Is cal poly slo just a “meh” “whatever” school or is this a good school for that major?
What do you even mean by that? What do you really care about? Getting a job? Bumper sticker pride? What is it that you want to know?
I want to know that if I get a degree from cal poly slo for engineering, is this easy to get a job? Would I get lots of respects from other engineers? @eyemgh
And thanks
The answer is yes to the first and probably yes for most on the second. Respect is a VERY subjective thing. One of the dads who is an engineer was replying to my question as to whether it would be worth leaving Cal Poly and going to Stanford for his masters. He said at one company he worked for that they preferred Stanford grads, but at the other, Poly grads. He himself wasn’t so enamored with what Stanford produced. It’s really a matter of perspective. Go on LinkedIn and pull up Cal Poly and you’ll find alumni at every company you can think of, SpaceX, Tesla, Google, Apple, Amazon, Facebook, you name it. This is the bottom line, what you do, meaning having good grades and getting meaningful club, research an/or internship experience will mean FAR more than the school name on your degree.
@eyemgh I also have gotten accepted into cal poly SLO’s computer engineering and UC Irvine’s computer engineeing program with campus wide honors. I was wondering which one I should choose based off just the strength of the program.

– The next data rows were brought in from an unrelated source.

theorem lemma2:
  fixes V :: "'v set" and r :: 'v and par :: "'v \<Rightarrow> 'v"
    and xp :: "'v \<Rightarrow> 'a::euclidean_space" and P :: "'v \<Rightarrow> real \<Rightarrow> 'a" and L :: "'v \<Rightarrow> real"
    and i j k :: 'v
  assumes tree: "rooted_tree V r par"
    and emb: "tree_embedding V r par xp P L"
    and ij: "j \<in> V - {r}" "par j = i"
    and ik: "k \<in> V - {r}" "par k = i"
    and jk: "j \<noteq> k"
    and A2: "\<forall>s\<in>{L i..L j}. \<forall>s'\<in>{L i..L j}. \<forall>u\<in>{L i..L k}. \<forall>u'\<in>{L i..L k}.
              (s - L i) + (u - L i) \<le> (s' - L i) + (u' - L i) \<longrightarrow>
              norm (tangent (P j) (L j) s - tangent (P k) (L k) u)
                \<le> norm (tangent (P j) (L j) s' - tangent (P k) (L k) u')"
    and A3: "\<exists>U a. open U \<and> xp i \<in> U \<and> 0 < a \<and> a < 2 \<and>
              (\<forall>s\<in>{L i..L j}. P j s \<in> U \<longrightarrow>
                 norm (tangent (P j) (L j) s - tangent (P j) (L j) (L i)) \<ge> (s - L i) powr a) \<and>
              (\<forall>u\<in>{L i..L k}. P k u \<in> U \<longrightarrow>
                 norm (tangent (P k) (L k) u - tangent (P k) (L k) (L i)) \<ge> (u - L i) powr a)"
  shows "\<forall>k1>0. \<forall>k2>0. \<forall>\<epsilon>>0. \<exists>\<delta>>0. \<forall>\<sigma>x \<sigma>t.
           0 < \<sigma>x \<and> \<sigma>x < \<delta> \<and> 0 < \<sigma>t \<and> \<sigma>t < \<delta> \<and> k1 * \<sigma>x \<le> \<sigma>t \<and> \<sigma>t \<le> k2 * \<sigma>x \<longrightarrow>
           \<bar>varifold_ip \<sigma>x \<sigma>t (P j) (tangent (P j) (L j)) (L i) (L j)
                               (P k) (tangent (P k) (L k)) (L i) (L k)\<bar>
           \<le> \<epsilon> * (varifold_ip \<sigma>x \<sigma>t (P j) (tangent (P j) (L j)) (L i) (L j)
                                  (P j) (tangent (P j) (L j)) (L i) (L j)
                   + varifold_ip \<sigma>x \<sigma>t (P k) (tangent (P k) (L k)) (L i) (L k)
                                  (P k) (tangent (P k) (L k)) (L i) (L k))"
proof -
  have "i \<in> V" using tree ij unfolding rooted_tree_def by blast
  then have Li: "0 \<le> L i" by (rule tree_embedding_length_nonneg[OF tree emb])
  have lengths: "L i < L j" "L i < L k"
    using tree_embedding_edge(1)[OF emb ij(1)] tree_embedding_edge(1)[OF emb ik(1)] ij(2) ik(2)
    by simp_all
  have smooth: "smooth_unit_speed_on (L j) (P j)" "smooth_unit_speed_on (L k) (P k)"
    using emb ij ik unfolding tree_embedding_def by auto
  obtain M where "M-lipschitz_on {0..L j} (tangent (P j) (L j))"
    using smooth_unit_speed_on_lipschitz(2)[OF smooth(1)] Li lengths by auto
  moreover have "1-lipschitz_on {0..L j} (P j)" "1-lipschitz_on {0..L k} (P k)"
    using smooth_unit_speed_on_lipschitz(1)[OF smooth(1)]
      smooth_unit_speed_on_lipschitz(1)[OF smooth(2)] Li lengths by auto
  moreover have "{L i..L j} \<subseteq> {0..L j}" "{L i..L k} \<subseteq> {0..L k}" using Li by auto
  ultimately have lipschitz: "M-lipschitz_on {L i..L j} (tangent (P j) (L j))"
      "1-lipschitz_on {L i..L j} (P j)" "1-lipschitz_on {L i..L k} (P k)"
    by (auto intro: lipschitz_on_subset)
  obtain U a where "open U" "xp i \<in> U" "0 < a" "a < 2"
    and "\<forall>s\<in>{L i..L j}. P j s \<in> U \<longrightarrow>
      norm (tangent (P j) (L j) s - tangent (P j) (L j) (L i)) \<ge> (s - L i) powr a"
    using A3 by blast
  moreover have "P j (L i) = xp i" using tree_embedding_edge_start[OF tree emb ij(1)] ij(2) by simp
  ultimately interpret branching_arcs "P j" "P k" "tangent (P j) (L j)" "tangent (P k) (L k)"
      "L i" "L j" "L k" M a U
    using lengths lipschitz lipschitz_on_continuous_on[OF lipschitz(3)] A2
      tree_embedding_sibling_edges_meet_at_parent[OF tree emb ij ik jk]
    by unfold_locales auto
  show ?thesis by (rule cross_term_negligible)
qed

Honors at UCI means something because it gets you access to smaller, professor taught classes. ALL students at Cal Poly get small, professor taught classes. They don’t use TAs for instruction. Essentially, honors tries to make your experience more Cal Poly like.
I would defer to @NLinsanity to further clarify, but will link a response of his on another thread.
http://talk.qa.collegeconfidential.com/discussion/comment/21308803/#Comment_21308803
My answer does not apply to Cal Poly specifically, but to any school decision generally: go to the school where you are most likely to be happy and engaged. Your grades are a direct reflection of your happiness at that school. If you go to a school with a great reputation but struggle in your classes, it would have been better to attend a different school where you truly shine. A school where you are confident, take risks, start projects, become involved is where you will have the most networking opportunities to land a great starting job. A school where you feel lost and unsatisfied will mean less social interaction, less confidence, etc. This more than anything is what will determine your success 5 years from now.
As for respect, once you start your job, NOBODY cares what school you came from. You will be promoted on the job based on your performance, period. The founder of Y-Combinator famously said that his most successful startups were by grads from Waterloo (Canada), and strangely enough, he’s been deeply disappointed by the lack of success from graduates of his alma mater, Stanford. If you really want go get a diploma from a respected program, do well at the undergrad you love then leverage those great accomplishments into a graduate degree from Stanford, CMU, MIT, etc.